Vice Minister of Health of the People's Republic of China

Personal details
- Born: 1906 Jinxi, Liaoning, China
- Died: 12 June 1989 (aged 82–83)

= Cui Yitian =

Chinese politician

Cui Yitian (崔义田; 1906–1989) was a Chinese politician, military medical official, and public health administrator of the People's Republic of China. He played a significant role in the development of military and civilian medical systems during the Second Sino-Japanese War, the Chinese Civil War, and the early years of the People's Republic of China.

== Biography ==

Cui Yitian was born in 1906 in Jinxi, Liaoning Province. He received his early medical education at Liaoning Medical College. In 1935, while working at Shengjing Medical College in Shenyang, Cui was arrested by Japanese police. In 1938, during the Second Sino-Japanese War, he joined the New Fourth Army, where he assumed senior leadership roles in military medical services. He served successively as president of the Base Area Hospital, part of the New Fourth Army's Military Medical Department in Zhangjiadu, Jingxian County, and later as deputy minister and minister of its Health Department, contributing to the establishment and organization of wartime medical systems.

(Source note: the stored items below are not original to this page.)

(* Let training data $(\mathbf{x}_1,y_1),\dots,(\mathbf{x}_n,y_n)$ satisfy: $\|\mathbf{x}_i\|_2\le1$ for all $i$, and for each $i\ne j$, $\mathbf{x}_i\ne\beta\mathbf{x}_j$ for all $\beta\in\mathbb{R}\setminus\{0\}$. Then, for any $\alpha>0$, the matrices $\mathbf{V}^\infty$ and $\mathbf{G}^\infty$ are strictly positive definite.
   Context: For $\mathbf{u}\ne0$: $\mathbf{x}^{\mathbf{u}}=\mathbf{u}\mathbf{u}^\top\mathbf{x}/\|\mathbf{u}\|_2^2$, $\mathbf{x}^{\mathbf{u}^\perp}=\mathbf{x}-\mathbf{x}^{\mathbf{u}}$. Define the $n\times n$ matrices $\mathbf{V}^\infty_{ij}=\mathbb{E}_{\mathbf{v}\sim N(0,\alpha^2\mathbf{I})}\langle\mathbf{x}_i^{\mathbf{v}^\perp},\mathbf{x}_j^{\mathbf{v}^\perp}\rangle\mathbb{1}\{\mathbf{v}^\top\mathbf{x}_i\ge0\}\mathbb{1}\{\mathbf{v}^\top\mathbf{x}_j\ge0\}$ and $\mathbf{G}^\infty_{ij}=\mathbb{E}_{\mathbf{v}\sim N(0,\alpha^2\mathbf{I})}\langle\mathbf{x}_i^{\mathbf{v}},\mathbf{x}_j^{\mathbf{v}}\rangle\mathbb{1}\{\mathbf{v}^\top\mathbf{x}_i\ge0\}\mathbb{1}\{\mathbf{v}^\top\mathbf{x}_j\ge0\}$. (Their least eigenvalues are denoted $\lambda_0$ and $\mu_0$.) *)

theory Defs
  imports "HOL-Probability.Probability"
begin

definition gaussian_vec :: "real \<Rightarrow> (real ^ 'd) measure" where
  "gaussian_vec \<alpha> = density lborel (\<lambda>v. ennreal (\<Prod>k\<in>UNIV. normal_density 0 \<alpha> (v $ k)))"
lemma norm_wz_F_le:
  assumes N: "4 * (norm x + norm a + norm b) + 1 \<le> real N"
  shows "norm (wz_F x a b N (k + N)) \<le> (3/4)^N * (32 / (real k + 1)^2)"
proof -
  define A where "A = norm x + norm a + norm b"
  define M where "M = k + N"
  define G where "G = (\<Prod>i<N. (real (M + Suc i) - A)^4)"
  have "0 \<le> A" "4 * A + 1 \<le> real N" "N \<le> M"
    using N by (simp_all add: A_def M_def)
  then have "A < real M" "0 < G" by (auto simp: G_def intro!: prod_pos)
  have coeff: "norm (wz_coeff a b N) \<le> (3/4)^N * G / 2"
    using norm_wz_coeff_le[of a b A N] pochhammer_pow4_le_geometric[of A N M]
      \<open>0 \<le> A\<close> \<open>4 * A + 1 \<le> real N\<close> \<open>N \<le> M\<close>
    by (simp add: A_def G_def)
  have "4 * norm x + 1 \<le> real N"
    using \<open>4 * A + 1 \<le> real N\<close> norm_ge_zero[of a] norm_ge_zero[of b]
    unfolding A_def distrib_left by linarith
  then have numer: "norm (2 * (x + of_nat M) + of_nat N) \<le> 4 * real M"
    using \<open>N \<le> M\<close> by (rule norm_wz_F_numerator_le)
  have denom: "(real M - A)^4 * G \<le> norm (quartic_block a b N (x + of_nat M))"
    using norm_quartic_block_ge[of x a b M N, unfolded prod.lessThan_Suc_shift] \<open>A < real M\<close>
    by (simp add: A_def G_def)
  have "norm (wz_F x a b N (k + N))
      = norm (wz_coeff a b N) * norm (2 * (x + of_nat M) + of_nat N) / norm (quartic_block a b N (x + of_nat M))"
    unfolding wz_F_def M_def by (simp add: norm_mult norm_divide)
  also have "\<dots> \<le> ((3/4)^N * G / 2) * (4 * real M) / ((real M - A)^4 * G)"
    using coeff numer denom \<open>A < real M\<close> \<open>0 < G\<close> by (intro frac_le mult_mono) auto
  also have "\<dots> = (3/4)^N * (2 * real M / (real M - A)^4)"
    using \<open>0 < G\<close> by (simp add: field_simps)
  also have "\<dots> \<le> (3/4)^N * (32 / (real k + 1)^2)"
    using \<open>0 \<le> A\<close> \<open>4 * A + 1 \<le> real N\<close>
    by (intro mult_left_mono two_mul_div_pow4_le) (auto simp: M_def)
  finally show ?thesis .
qed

During the later stages of the Chinese Civil War, Cui held a number of key positions in military health administration. He served as head of the Health Department of the New Fourth Army and the Shandong Military Region, and later as director of the Health Departments of the East China Military Region and the East China Field Army. He subsequently became director of the Health Department of the Logistics Department of the Third Field Army, where he oversaw large-scale medical support operations.

Following the founding of the People's Republic of China in 1949, Cui transitioned to senior roles in civilian public health administration. He was appointed minister of health of the East China Military and Administrative Committee and later served as director of the Health Department of the Shanghai Military Control Commission, concurrently holding the post of director of the Shanghai Municipal Health Bureau. He was later appointed vice minister of health of the People's Republic of China. In addition to his government duties, Cui also served as vice president of the Chinese People's Association for Friendship with Foreign Countries and vice president of the Chinese Medical Association.

Cui Yitian died in Beijing on 12 June 1989.